* Great Plains offers $60/shr in cash and stock
* Enterprise value of deal is about $12.2 bln
* Deal includes $3.6 bln of Westar debt (Adds details from conference call)
By Amrutha Gayathri
May 31 (Reuters) - Great Plains Energy Inc, the owner of regulated power utility Kansas City Power & Light, will buy bigger rival Westar Energy Inc for $8.6 billion, the largest deal in the U.S. electricity distribution market so far this year.
Falling demand in both open and regulated power markets due to increased energy efficiency and a weak economy has led to several deals as U.S. utilities look to cut costs and diversify their portfolios.
This year, Dominion Resources Inc said it would buy Questar Corp for about $4.4 billion and Exelon Corp closed its $6.8 billion merger with Pepco Holdings Inc .
Westar shares rose as much as 8 percent to a record high of $57.24 on Tuesday, but were below the cash-and-stock offer price of $60 per share, suggesting that investors were skeptical the deal would go through.
Great Plains stock fell as much as 8 percent to $28.50.

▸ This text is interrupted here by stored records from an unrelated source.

lemma h_poly_eq_sum:
  assumes "two_element_edges E" "finite V"
  shows "h_poly V E = (\<Sum>S\<in>indep_sets V E. monom 1 (card S) * [:1, -1:] ^ (indep_num V E - card S))"
    (is "_ = ?h")
proof -
  have "hilbert_series V E * (1 - fps_X) ^ indep_num V E
      = (\<Sum>S\<in>indep_sets V E. fps_X ^ card S * (1 - fps_X) ^ (indep_num V E - card S))"
    unfolding hilbert_series_eq_sum[OF assms] sum_distrib_right
  proof (rule sum.cong[OF refl])
    fix S assume "S \<in> indep_sets V E"
    then have "finite S" "card S \<le> indep_num V E"
      using assms(2) by (auto simp: indep_sets_def finite_indep card_le_indep_num)
    then have "(1 - fps_X :: int fps) ^ indep_num V E
        = (1 - fps_X) ^ card S * (1 - fps_X) ^ (indep_num V E - card S)"
      by (simp flip: power_add)
    then show "support_series S * (1 - fps_X) ^ indep_num V E
        = fps_X ^ card S * (1 - fps_X) ^ (indep_num V E - card S)"
      by (simp only: mult.assoc[symmetric] support_series_mult_power[OF \<open>finite S\<close>])
  qed
  also have "\<dots> = fps_of_poly ?h"
  proof -
    have "fps_of_poly [:1, -1:] = (1 - fps_X :: int fps)"
      by (simp add: fps_of_poly_pCons fps_const_neg)
    then show ?thesis
      by (simp only: fps_of_poly_sum fps_of_poly_mult fps_of_poly_power fps_of_poly_monom')
  qed
  finally have "fps_of_poly ?h = hilbert_series V E * (1 - fps_X) ^ indep_num V E" ..
  then show ?thesis
    unfolding h_poly_def by (metis (mono_tags) the_equality fps_of_poly_eq_iff)
qed

lemma degree_h_poly_le:
  assumes "two_element_edges E" "finite V"
  shows "degree (h_poly V E) \<le> indep_num V E"
  unfolding h_poly_eq_sum[OF assms]
proof (rule degree_sum_le)
  fix S assume "S \<in> indep_sets V E"
  then have "card S \<le> indep_num V E"
    using assms(2) by (simp add: indep_sets_def card_le_indep_num)
  then show "degree (monom (1::int) (card S) * [:1, -1:] ^ (indep_num V E - card S)) \<le> indep_num V E"
    by (simp add: degree_mult_eq degree_monom_eq degree_power_eq)
qed (simp add: finite_indep_sets assms(2))

lemma coeff_h_poly_indep_num:
  assumes "two_element_edges E" "finite V"
  shows "coeff (h_poly V E) (indep_num V E) = (-1) ^ indep_num V E * indep_poly_eval V E (-1)"
proof -
  have "coeff (monom 1 (card S) * [:1, -1:] ^ (indep_num V E - card S) :: int poly) (indep_num V E)
      = (-1) ^ indep_num V E * (-1) ^ card S" if "S \<in> indep_sets V E" for S
  proof -
    have le: "card S \<le> indep_num V E"
      using that assms(2) by (simp add: indep_sets_def card_le_indep_num)
    have "coeff (monom 1 (card S) * [:1, -1:] ^ (indep_num V E - card S) :: int poly) (indep_num V E)
        = lead_coeff ([:1, -1:] ^ (indep_num V E - card S) :: int poly)"
      using le by (simp add: coeff_monom_mult degree_power_eq)
    also have "\<dots> = (-1) ^ (indep_num V E - card S)"
      by (simp add: lead_coeff_power)
    also have "\<dots> = (-1) ^ indep_num V E * (-1) ^ card S"
      using le by (auto simp: le_iff_add power_add)
    finally show ?thesis .
  qed
  then show ?thesis
    by (simp add: h_poly_eq_sum[OF assms] coeff_sum indep_poly_eval_def sum_distrib_left indep_sets_def)
qed

lemma a_inv_le_0:
  assumes "two_element_edges E" "finite V"
  shows "a_inv V E \<le> 0"
  using degree_h_poly_le[OF assms] by (simp add: a_inv_def)

lemma a_inv_eq_0_iff:
  assumes "two_element_edges E" "finite V" "indep_num V E > 0"
  shows "a_inv V E = 0 \<longleftrightarrow> indep_poly_eval V E (-1) \<noteq> 0"
proof -
  let ?h = "h_poly V E"
  have "degree ?h = indep_num V E \<longleftrightarrow> coeff ?h (indep_num V E) \<noteq> 0"
  proof
    assume deg: "degree ?h = indep_num V E"
    then have "?h \<noteq> 0" using assms(3) by auto
    then show "coeff ?h (indep_num V E) \<noteq> 0" using deg by (metis leading_coeff_0_iff)
  next
    assume "coeff ?h (indep_num V E) \<noteq> 0"
    then show "degree ?h = indep_num V E"
      using le_degree degree_h_poly_le[OF assms(1,2)] by (metis le_antisym)
  qed
  then show ?thesis
    by (simp add: a_inv_def coeff_h_poly_indep_num[OF assms(1,2)])
qed

section \<open>Suspensions\<close>

lemma two_element_edges_suspE:
  "two_element_edges E \<Longrightarrow> z \<notin> C \<Longrightarrow> two_element_edges (suspE E C z)"
  by (auto simp: two_element_edges_def suspE_def)

lemma indep_suspension_iff:
  assumes "z \<notin> V" "C \<subseteq> V" "\<Union>E \<subseteq> V"
  shows "indep (suspV V z) (suspE E C z) S \<longleftrightarrow>
           (if z \<in> S then indep (V - C) E (S - {z}) else indep V E S)"
proof -
  have "suspE E C z = E \<union> (\<lambda>c. {z, c}) ` C"
    by (auto simp: suspE_def)
  then have char: "indep (suspV V z) (suspE E C z) S \<longleftrightarrow>
      S \<subseteq> insert z V \<and> (\<forall>e\<in>E. \<not> e \<subseteq> S) \<and> (z \<in> S \<longrightarrow> C \<inter> S = {})"
    by (auto simp: indep_def suspV_def ball_Un)
  show ?thesis
  proof (cases "z \<in> S")
    case True
    have "S \<subseteq> insert z V \<and> C \<inter> S = {} \<longleftrightarrow> S - {z} \<subseteq> V - C"
      using True assms(1,2) by auto
    moreover have "(\<forall>e\<in>E. \<not> e \<subseteq> S) \<longleftrightarrow> (\<forall>e\<in>E. \<not> e \<subseteq> S - {z})"
      using assms(1,3) by auto
    ultimately show ?thesis
      using char True unfolding indep_def by argo
  next
    case False
    then show ?thesis
      using char by (auto simp: indep_def)
  qed
qed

The enterprise value of the deal is about $12.2 billion, including $3.6 billion of Westar’s debt.
Great Plains said it had secured about $8 billion in committed debt financing from Goldman Sachs and was planning equity and debt issuance to fund part of the deal.
“Financing will be a challenge, but it looks like a manageable challenge,” said Gabelli & Co analyst Timothy Winter, estimating debt of about $12 billion for the combined company.
Kansas City, Missouri-based Great Plains already owns one nuclear and two coal-fired plants with Topeka, Kansas-based Westar.
After the transaction closes, Great Plains’ customer base in Kansas and Missouri will increase to more than 1.5 million from about 850,800 at the end of March, while its generation capacity will rise to nearly 13,000 megawatts from about 6,400 megawatts.
Rising customer expectations, stricter environmental norms and cyber security threats, coupled with slower demand growth, are pushing up companies’ costs, leading to higher tariffs, Great Plains Chief Executive Terry Bassham said.
Bassham, who will head the combined company, expressed confidence that the acquisition would be approved by regulators, saying that the deal made a lot of “sense from both an efficiency perspective and a states perspective.”
The companies said they expected the deal to help them better cope with potential tightening of carbon regulations.
The deal, which includes a reverse breakup fee of $380 million, is expected to close in the spring of 2017.